It is observed that cell heating in the DC mode can present a major source of field noise in magnetometer measurements. Although one can turn off the heater when measurements are made, this is unfavorable since the cell cools down during these times. The preferred mode of heating is continuous AC, using a relatively high frequency (⁠$>10$ kHz) far away from the signals of interest and outside the sensitive bandwidth [Fig. 6(b)]. A type-T thermocouple is placed near the top of the aluminum nitride pillar, as close to the cell as possible, to measure the temperature, and a proportional-integral-derivative temperature controller (Omega CN9000A model) provides a feedback loop to control the current applied to the heating wire. The supply of alternating current is a low-distortion audio amplifier (AE Techron LVC2016, Crown Macro-Tech series or similar) where the AC input voltage is produced by a function generator and the amplitude is controlled by the feedback. At a 40 kHz heating frequency, a root-mean-square power of approximately 10 W is required to raise the cell temperature to 180 °C.

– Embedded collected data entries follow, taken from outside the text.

definition reach_set ::
  "(real^'n::finite \<Rightarrow> real^'m::finite^'n) \<Rightarrow> (real^'n) set \<Rightarrow> real \<Rightarrow> (real^'n) set" where
  "reach_set \<sigma> T t = {x0. \<exists>a. admissible a \<and> (\<exists>\<tau>. 0 \<le> \<tau> \<and> \<tau> < t \<and>
        (\<exists>x. trajectory \<sigma> a x0 \<tau> x \<and> x \<tau> \<in> T))}"

definition STLA :: "(real^'n::finite \<Rightarrow> real^'m::finite^'n) \<Rightarrow> (real^'n) set \<Rightarrow> real^'n \<Rightarrow> bool" where
  "STLA \<sigma> T xb \<longleftrightarrow> (\<forall>t>0. xb \<in> interior (reach_set \<sigma> T t))"

end

theory Submission
  imports Defs
begin

(* Switching from the constant control a1 to a2 at time s, the trajectory from xb ends at
  xb + s v + s^2 w + o(s^2), where, evaluated at xb, v = sigma (a1 + a2) and
  w = D(sigma a1) sigma a1 / 2 + D(sigma a2) sigma a1 + D(sigma a2) sigma a2 / 2.
  Since grad u . v = 0, Taylor's formula gives
  u(endpoint) - u(xb) = s^2 (grad u . w + D^2u v . v / 2) + o(s^2),
  and this coefficient is negative by hypothesis, because
  2 w = D(sigma (a1 + a2)) v + [sigma a1, sigma a2].
  So for small s the endpoint lies strictly inside the target; as it depends continuously on the
  initial point, the same control steers a whole neighbourhood of xb into the target within time 2 s.
  The flows are obtained by Picard iteration for the fields extended off a ball by the closest-point
  projection. *)

lemma Ck_Suc_imp_Ck: "Ck (Suc k) g \<Longrightarrow> Ck k g"
proof (induction k arbitrary: g)
  case 0
  then show ?case
    by (auto intro: continuous_at_imp_continuous_on differentiable_imp_continuous_within)
qed simp

lemma partial_eq_derivative:
  assumes "(g has_derivative D) (at x)"
  shows "partial j g x = D (axis j 1)"
proof -
  have "((\<lambda>t. x + t *\<^sub>R axis j 1) has_derivative (\<lambda>t. t *\<^sub>R axis j 1)) (at (0::real))"
    by (intro derivative_eq_intros) auto
  from has_derivative_compose[OF this] assms
  have "((\<lambda>t. g (x + t *\<^sub>R axis j 1)) has_derivative (\<lambda>t. D (t *\<^sub>R axis j 1))) (at 0)"
    by simp
  moreover have "(\<lambda>t. D (t *\<^sub>R axis j 1)) = (*) (D (axis j 1))"
    using linear.scaleR[OF has_derivative_linear[OF assms]] by (auto simp: fun_eq_iff)
  ultimately show ?thesis
    unfolding partial_def by (intro DERIV_imp_deriv) (simp add: has_field_derivative_def)
qed

lemma grad_has_derivative:
  fixes g :: "real^'n \<Rightarrow> real"
  assumes "g differentiable (at x)"
  shows "(g has_derivative (\<lambda>h. grad g x \<bullet> h)) (at x)"
proof -
  obtain D where D: "(g has_derivative D) (at x)"
    using assms differentiable_def by blast
  have "D h = grad g x \<bullet> h" for h
  proof -
    have "D h = D (\<Sum>j\<in>UNIV. h $ j *\<^sub>R axis j 1)"
      using basis_expansion[of h] by (simp add: scalar_mult_eq_scaleR)
    also have "\<dots> = (\<Sum>j\<in>UNIV. h $ j * D (axis j 1))"
      using has_derivative_linear[OF D] by (simp add: linear_sum linear.scaleR)
    finally show ?thesis
      by (simp add: grad_def partial_eq_derivative[OF D] inner_vec_def mult.commute)
  qed
  then have "D = (\<lambda>h. grad g x \<bullet> h)"
    by auto
  then show ?thesis
    using D by simp
qed

lemma jac_mult_nth: "(jac f x *v h) $ i = grad (\<lambda>y. f y $ i) x \<bullet> h"
  by (simp add: jac_def grad_def matrix_vector_mult_def inner_vec_def mult.commute)

lemma jac_has_derivative:
  fixes f :: "real^'n \<Rightarrow> real^'n"
  assumes "\<And>i. (\<lambda>y. f y $ i) differentiable (at x)"
  shows "(f has_derivative (\<lambda>h. jac f x *v h)) (at x)"
proof (subst has_derivative_componentwise_within, intro ballI)
  fix b :: "real^'n"
  assume "b \<in> Basis"
  then obtain i where b: "b = axis i 1"
    by (auto simp: Basis_vec_def)
  have "((\<lambda>y. f y $ i) has_derivative (\<lambda>h. (jac f x *v h) $ i)) (at x)"
    unfolding jac_mult_nth by (rule grad_has_derivative[OF assms])
  then show "((\<lambda>y. f y \<bullet> b) has_derivative (\<lambda>h. (jac f x *v h) \<bullet> b)) (at x)"
    by (simp add: b inner_axis)
qed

Thermal insulation of the vapor cell is an important design feature in the experimental setup. While the cell is operated at 170-190 °C to achieve the quoted sensitivities, it is desirable to detect NMR signals from the sample near to room temperature. For insulation, an air or vacuum gap of 0.5-1 mm is left between the vapor cell and the bottom of the shuttling system. The temperature of the air surrounding the NMR sample tube inside the shuttling system may also be regulated. One must minimize temperature gradients across the cell to avoid further broadening of the atomic resonance line and a decrease in the overall sensitivity. The minimization of thermal losses also allows the desired temperature to be reached at lower heating power.

The optical setup is illustrated in Fig. 7. For the optical pumping of the ⁸⁷Rb vapor, a tunable distributed-feedback (DFB) diode laser is used with a Thorlabs ITC502 laser diode controller. The laser light is tuned to the ⁸⁷Rb D1 line at a wavelength of 794.970 nm⁹⁹ using a wavelength meter/interferometer (e.g., Agilent/HP 86120B, 0.005 nm accuracy). An optical isolator is positioned immediately after the laser collimator to eliminate reflections from the subsequent optical components. This initial beam is plane-polarized, so a half-wave plate is positioned in the path of propagation to allow arbitrary rotation of its plane of polarization. A linear polarizer follows, to allow the light power to be attenuated to the desired level. Transmitted light is then converted to circularly polarized light with a quarter-wave plate whose principal axes are 45° from the axis of the linear polarizer. In normal operation, settings are chosen such that a power of approximately 15 mW arrives at the vapor cell. The typical beam diameter is 5 mm. In addition to the components that control the beam polarization, beam splitters or flip mirrors may be added to divert light into a variety of meters for tuning, locking the laser, or measuring the beam power.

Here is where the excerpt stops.